# PETA's at it again



## bones44 (Jan 7, 2011)

How much more stupid can they be ? http://www.thepostga...on-house-museum


----------



## youngdon (Mar 10, 2010)

I'll read it in a moment Tom...But I take it that is a rhetorical question ?

I was at the grcery store a few hours ago and saw a copy of one of the gossip rags where the headline was
OJ is KHLOES real dad...LOFL


----------



## bones44 (Jan 7, 2011)

Pretty much. Just another in a long line. Kinda like reading the comics anymore. I get a good laugh and then let one of the animals pee on it..LOL


----------



## 220swift (Mar 2, 2011)

Why am I not surprised.


----------



## Ruger (Jan 22, 2011)

Lol! What lamebrained idea will they come up with next?


----------



## bones44 (Jan 7, 2011)

Stay tuned ....LOL


----------



## KaBloomr (Mar 18, 2010)

As the last sentence of the article reads: "The bank is not commenting on the situation." They are probably closing the deal with these bozos as we speak. Stay tuned.....


----------



## bar-d (Feb 3, 2010)

I wonder if they will provide a slow speed tour of the facility?


----------



## Predatorhunter (Dec 9, 2010)

Unfortunatly I can't say there stupidity surprises me.

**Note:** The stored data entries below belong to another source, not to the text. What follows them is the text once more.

lemma analytic0_slices_double_powser:
  assumes "analytic0 g"
  shows "\<exists>r>0. \<forall>t. \<bar>t\<bar> < r \<longrightarrow> double_powser_on r (g t)"
proof -
  obtain r c where r: "r > 0" and series: "\<And>t a b. \<bar>t - 0\<bar> < r \<Longrightarrow> \<bar>a - 0\<bar> < r \<Longrightarrow> \<bar>b - 0\<bar> < r \<Longrightarrow>
      ((\<lambda>x. c x * (t - 0) ^ fst x * (a - 0) ^ fst (snd x) * (b - 0) ^ snd (snd x)) has_sum g t a b) UNIV"
    using analytic_atE[of 0 0 0 g] assms unfolding analytic0_def by blast
  have "double_powser_on r (g t)" if t: "\<bar>t\<bar> < r" for t
  proof -
    define w where "w n = c (decode_triple n) * t ^ fst (decode_triple n)" for n
    define i where "i n = fst (snd (decode_triple n))" for n
    define j where "j n = snd (snd (decode_triple n))" for n
    have "summable (\<lambda>n. \<bar>w n * a ^ i n * b ^ j n\<bar>) \<and> (\<lambda>n. w n * a ^ i n * b ^ j n) sums g t a b"
      if "\<bar>a\<bar> < r" "\<bar>b\<bar> < r" for a b
      using has_sum_triple_decode[OF series[of t a b]] t that by (simp add: w_def i_def j_def)
    then show ?thesis unfolding double_powser_on_def by blast
  qed
  then show ?thesis using r by blast
qed

lemma analytic_at_isCont:
  assumes "analytic_at (t0, a0, b0) g"
  shows "isCont (\<lambda>p. g (fst p) (fst (snd p)) (snd (snd p))) (t0, a0, b0)"
proof -
  obtain r c where r: "r > 0" and series: "\<And>t a b. \<bar>t - t0\<bar> < r \<Longrightarrow> \<bar>a - a0\<bar> < r \<Longrightarrow> \<bar>b - b0\<bar> < r \<Longrightarrow>
      ((\<lambda>x. c x * (t - t0) ^ fst x * (a - a0) ^ fst (snd x) * (b - b0) ^ snd (snd x)) has_sum g t a b) UNIV"
    using analytic_atE[OF assms] by blast
  define s where "s = r/2"
  have s: "0 < s" "s < r" using r by (auto simp: s_def)
  let ?C = "{p::real\<times>real\<times>real. \<bar>fst p - t0\<bar> \<le> s \<and> \<bar>fst (snd p) - a0\<bar> \<le> s \<and> \<bar>snd (snd p) - b0\<bar> \<le> s}"
  let ?O = "{p::real\<times>real\<times>real. \<bar>fst p - t0\<bar> < s \<and> \<bar>fst (snd p) - a0\<bar> < s \<and> \<bar>snd (snd p) - b0\<bar> < s}"
  define F where "F p x = c x * (fst p - t0) ^ fst x * (fst (snd p) - a0) ^ fst (snd x) * (snd (snd p) - b0) ^ snd (snd x)"
    for p :: "real\<times>real\<times>real" and x :: "nat\<times>nat\<times>nat"
  let ?u = "\<lambda>n p. F p (decode_triple n)"
  define P where "P = (t0 + s, a0 + s, b0 + s)"
  have corner: "(F P has_sum g (fst P) (fst (snd P)) (snd (snd P))) UNIV"
    unfolding F_def using series[of "t0+s" "a0+s" "b0+s"] s by (simp add: P_def)
  have "uniform_limit ?C (\<lambda>n p. \<Sum>k<n. ?u k p) (\<lambda>p. suminf (\<lambda>k. ?u k p)) sequentially"
  proof (rule Weierstrass_m_test[where M="\<lambda>n. \<bar>F P (decode_triple n)\<bar>"])
    fix n and p :: "real\<times>real\<times>real" assume p: "p \<in> ?C"
    obtain i j k where x: "decode_triple n = (i, j, k)" by (metis prod_cases3)
    have "\<bar>fst p - t0\<bar>^i \<le> s^i" using p by (intro power_mono) auto
    moreover have "\<bar>fst (snd p) - a0\<bar>^j \<le> s^j" using p by (intro power_mono) auto
    moreover have "\<bar>snd (snd p) - b0\<bar>^k \<le> s^k" using p by (intro power_mono) auto
    ultimately have "\<bar>c (i,j,k)\<bar> * \<bar>fst p - t0\<bar>^i * \<bar>fst (snd p) - a0\<bar>^j * \<bar>snd (snd p) - b0\<bar>^k
        \<le> \<bar>c (i,j,k)\<bar> * s^i * s^j * s^k"
      using s by (intro mult_mono mult_left_mono) auto
    then show "norm (?u n p) \<le> \<bar>F P (decode_triple n)\<bar>"
      using s by (simp add: F_def P_def x abs_mult power_abs)
  next
    show "summable (\<lambda>n. \<bar>F P (decode_triple n)\<bar>)" by (rule has_sum_triple_decode(2)[OF corner])
  qed
  then have "continuous_on ?C (\<lambda>p. suminf (\<lambda>k. ?u k p))"
    by (rule uniform_limit_theorem[rotated]) (auto intro!: always_eventually continuous_intros simp: F_def)
  then have series_cont: "continuous_on ?O (\<lambda>p. suminf (\<lambda>k. ?u k p))"
    by (rule continuous_on_subset) auto
  have series_eq: "suminf (\<lambda>k. ?u k p) = g (fst p) (fst (snd p)) (snd (snd p))" if "p \<in> ?O" for p
  proof -
    have "(F p has_sum g (fst p) (fst (snd p)) (snd (snd p))) UNIV"
      unfolding F_def using series[of "fst p" "fst (snd p)" "snd (snd p)"] that s by auto
    then show ?thesis using has_sum_triple_decode(1) sums_unique by metis
  qed
  have "continuous_on ?O (\<lambda>p. suminf (\<lambda>k. ?u k p)) =
      continuous_on ?O (\<lambda>p. g (fst p) (fst (snd p)) (snd (snd p)))"
    by (rule continuous_on_cong) (use series_eq in auto)
  with series_cont have "continuous_on ?O (\<lambda>p. g (fst p) (fst (snd p)) (snd (snd p)))" by simp
  moreover have "open ?O"
    by (intro open_Collect_conj open_Collect_less continuous_intros)
  moreover have "(t0, a0, b0) \<in> ?O" using s by simp
  ultimately show ?thesis using continuous_on_eq_continuous_at by blast
qed

lemma near0_conj: "near0 P \<Longrightarrow> near0 Q \<Longrightarrow> near0 (\<lambda>t a b. P t a b \<and> Q t a b)"
  unfolding near0_def by (metis min_less_iff_conj)

lemma analytic0_slices_common_radius:
  assumes "analytic0 g1" "analytic0 g2" "near0 P"
  shows "\<exists>R>0. \<forall>t. \<bar>t\<bar> < R \<longrightarrow> double_powser_on R (g1 t) \<and> double_powser_on R (g2 t) \<and>
    (\<forall>a b. \<bar>a\<bar> < R \<and> \<bar>b\<bar> < R \<longrightarrow> P t a b)"
proof -
  obtain r1 where r1: "r1 > 0" "\<And>t. \<bar>t\<bar> < r1 \<Longrightarrow> double_powser_on r1 (g1 t)"
    using analytic0_slices_double_powser[OF assms(1)] by blast
  obtain r2 where r2: "r2 > 0" "\<And>t. \<bar>t\<bar> < r2 \<Longrightarrow> double_powser_on r2 (g2 t)"
    using analytic0_slices_double_powser[OF assms(2)] by blast
  obtain e where e: "e > 0" "\<And>t a b. \<bar>t\<bar> < e \<Longrightarrow> \<bar>a\<bar> < e \<Longrightarrow> \<bar>b\<bar> < e \<Longrightarrow> P t a b"
    using assms(3) unfolding near0_def by blast
  define R where "R = min (min r1 r2) e"
  have R: "R > 0" "R \<le> r1" "R \<le> r2" "R \<le> e" using r1 r2 e by (auto simp: R_def)
  have "double_powser_on R (g1 t)" "double_powser_on R (g2 t)" if "\<bar>t\<bar> < R" for t
    using double_powser_on_mono[OF r1(2) R(2)] double_powser_on_mono[OF r2(2) R(3)] that R by auto
  then show ?thesis using R e(2) by (intro exI[of _ R]) auto
qed


section \<open>Nondegenerate common zeros are isolated\<close>

lemma inj_linear_2x2:
  fixes a b c d :: real
  assumes "a * d - b * c \<noteq> 0"
  shows "inj (\<lambda>h::real \<times> real. (a * fst h + b * snd h, c * fst h + d * snd h))"
proof (rule injI)
  fix h h' :: "real \<times> real"
  assume "(a * fst h + b * snd h, c * fst h + d * snd h) = (a * fst h' + b * snd h', c * fst h' + d * snd h')"
  then have e1: "a * fst h + b * snd h = a * fst h' + b * snd h'"
    and e2: "c * fst h + d * snd h = c * fst h' + d * snd h'"
    by auto
  have "(a * d - b * c) * (fst h - fst h') = d * (a * fst h + b * snd h - (a * fst h' + b * snd h'))
      - b * (c * fst h + d * snd h - (c * fst h' + d * snd h'))"
    by (simp add: algebra_simps)
  also have "\<dots> = 0" using e1 e2 by simp
  finally have "fst h = fst h'" using assms by simp
  have "(a * d - b * c) * (snd h - snd h') = a * (c * fst h + d * snd h - (c * fst h' + d * snd h'))
      - c * (a * fst h + b * snd h - (a * fst h' + b * snd h'))"
    by (simp add: algebra_simps)
  also have "\<dots> = 0" using e1 e2 by simp
  finally have "snd h = snd h'" using assms by simp
  show "h = h'" using \<open>fst h = fst h'\<close> \<open>snd h = snd h'\<close> by (simp add: prod_eq_iff)
qed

They can come up with some crazy ideas.


----------



## oneshotcowboy (Mar 4, 2010)

so if meat is murder, do any of them that belong or run peta wear or use anything made from leather???? wear makeup???? because most of you dont know most foundation and such in makeup, the base is placenta, or ground up afterbirth. i would like to see just one of them , just one, not use anything that is animal based or brought about by the use of animals


----------



## JTKillough (May 4, 2010)

It's called guilt by association. If they can associate murder with their cause, then that suburbanite stoner down the block will join up and send money so they all can go on a Hawaiian Luau vacation. All we need is an infamous murder associated site, for our big PETA museum, splash the walls wilth spattered blood and pix of bambi being pole-axed and these dumbies will bite......Cha Ching! Somebody get me a Mai Tai.....


----------